Kids are capable of choosing what they need. Teens and kids of all ages are seeking out stories that explore darkness in its many incarnations because they make us stronger and kinder and show us the light.

 What?

That’s right. Dark stories allow us to exorcize our deepest, sometimes nameless fears. We step into the shoes of someone who is going through something overwhelming and frightening, and experience it vicariously. We try these fears on, rehearse them (in the comfort of our chair), manage them, and release them. 

It helps us understand ourselves.

It helps us understand others.

In a study published in the Journal of Science (Sept 2013, Kidd and Castano), as reported in the New York Times, reading and especially literary fiction, increases empathy, social perception, and emotional intelligence.

Dark Stories tell the truth: The world is full of suffering and we all get our share. Some get more.

Children already know this. Teens confront it regularly.

What they want, is to get a handle on it.

 Insisting dark must be avoided, and discouraging kids who are ready for it, is what can be harmful, I would argue. We parents are charged with preparing our children for life, and from the safety of our love and protection, part of this includes letting them explore that there ARE big bad wolves out there. Nothing is safer than doing so between the covers of a book. 

Plus, forewarned is forearmed. 

When we confront the fact that darkness does exist, and for some of us, even get in it up to our elbows and wallow in it, it diminishes darkness’s power over us.
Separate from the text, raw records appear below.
lemma stationary_of_KKT_limits:
  assumes xt: "(\<lambda>k. x (t k)) \<longlonglongrightarrow> p" and \<xi>t: "(\<lambda>k. \<xi> (t k)) \<longlonglongrightarrow> \<xi>s"
    and Vt: "(\<lambda>k. V (t k)) \<longlonglongrightarrow> Vs" and Lt: "(\<lambda>k. Lk (t k)) \<longlonglongrightarrow> Ls" and Qt: "(\<lambda>k. Qk (t k)) \<longlonglongrightarrow> Qs"
    and gap: "(\<lambda>k. xbk (t k) - x (t k)) \<longlonglongrightarrow> 0" and vt: "(\<lambda>k. vbar (t k)) \<longlonglongrightarrow> vs"
    and lbt: "lbs \<longlonglongrightarrow> ls"
    and ev: "eventually (\<lambda>k. lbs k \<in> Lambda_set g (uk (t k)) (xbk (t k)) (nbar (t k))) sequentially"
  shows "stationary g0 g \<phi> p"
proof -
  have p: "p \<in> feasible g"
    using closed_sequentially[OF closed_feasible _ xt] iterate_feasible by simp
  have xbt: "(\<lambda>k. xbk (t k)) \<longlonglongrightarrow> p"
    using tendsto_add[OF gap xt] by simp
  have "eventually (\<lambda>k. \<xi> (t k) + Qk (t k) *v (xbk (t k) - x (t k)) + vbar (t k) + V (t k) *v lbs k
      + (Lk (t k) \<bullet> lbs k) *\<^sub>R (xbk (t k) - x (t k)) = 0) sequentially"
    using ev by eventually_elim (simp add: Lambda_set_uk nbar_def algebra_simps)
  hence lim0: "(\<lambda>k. \<xi> (t k) + Qk (t k) *v (xbk (t k) - x (t k)) + vbar (t k) + V (t k) *v lbs k
      + (Lk (t k) \<bullet> lbs k) *\<^sub>R (xbk (t k) - x (t k))) \<longlonglongrightarrow> 0"
    by (rule tendsto_eventually)
  have "(\<lambda>k. \<xi> (t k) + Qk (t k) *v (xbk (t k) - x (t k)) + vbar (t k) + V (t k) *v lbs k
      + (Lk (t k) \<bullet> lbs k) *\<^sub>R (xbk (t k) - x (t k))) \<longlonglongrightarrow> \<xi>s + Qs *v 0 + vs + Vs *v ls + (Ls \<bullet> ls) *\<^sub>R 0"
    by (intro tendsto_add tendsto_matrix_vector_mult tendsto_scaleR tendsto_inner \<xi>t Qt gap vt Vt lbt Lt)
  from LIMSEQ_unique[OF this lim0]
  have KKT: "\<xi>s + vs + (\<Sum>i\<in>UNIV. ls $ i *\<^sub>R column i Vs) = 0"
    by (simp add: matrix_vector_mult_column_sum)
  have \<xi>s: "\<xi>s \<in> limiting_subdiff g0 p"
    using xi_sub by (intro limiting_subdiff_closed[OF xt isCont_tendsto_compose[OF g0_isCont[OF p] xt] _ \<xi>t]) auto
  have col: "column i Vs \<in> limiting_subdiff (\<lambda>w. g w $ i) p" for i
  proof (rule limiting_subdiff_closed[OF xt _ _ tendsto_column[OF Vt]])
    show "(\<lambda>k. g (x (t k)) $ i) \<longlonglongrightarrow> g p $ i"
      by (intro tendsto_vec_nth isCont_tendsto_compose[OF g_isCont xt])
    show "column i (V (t k)) \<in> limiting_subdiff (\<lambda>w. g w $ i) (x (t k))" for k
      using V_sub by (simp add: subdiff_vec_def)
  qed
  have vs: "vs \<in> limiting_subdiff \<phi> p"
    unfolding limiting_subdiff_convex_iff[OF phi_convex]
  proof
    fix w
    have "(\<lambda>k. \<phi> (xbk (t k)) + vbar (t k) \<bullet> (w - xbk (t k))) \<longlonglongrightarrow> \<phi> p + vs \<bullet> (w - p)"
      by (intro tendsto_intros isCont_tendsto_compose[OF phi_isCont xbt] vt xbt)
    thus "\<phi> p + vs \<bullet> (w - p) \<le> \<phi> w"
      by (rule tendsto_upperbound) (simp_all add: vbar_subgradient)
  qed
  have ls: "ls \<in> normal_cone nonpos_orthant (g p)"
  proof (rule normal_cone_nonpos_orthant_limit[OF _ lbt])
    show "(\<lambda>k. Gfun g (xbk (t k)) (x (t k)) (V (t k)) (Lk (t k))) \<longlonglongrightarrow> g p"
      by (rule tendsto_Gfun[OF g_isCont xbt xt Vt Lt])
    show "eventually (\<lambda>k. lbs k \<in> normal_cone nonpos_orthant (Gfun g (xbk (t k)) (x (t k)) (V (t k)) (Lk (t k)))) sequentially"
      using ev by eventually_elim (simp add: Lambda_set_uk)
  qed
  show ?thesis
    unfolding stationary_def
    by (intro conjI p bexI[where x = \<xi>s] bexI[where x = vs] bexI[where x = ls]
        exI[where x = "\<lambda>i. column i Vs"] \<xi>s vs ls) (simp_all add: col KKT)
qed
Like yin and yang, the world we live in, and we humans ourselves, have darkness and light coexisting side by side. We must understand one to understand the other.

As Adam Gidwitz, the author of A TALE DARK AND GRIMM says, “It is only in the darkest places that we find the brightest beauty and the most luminous wisdom.”

*Stories with unsettling situations and characters who cause or endure loss, suffering, and death.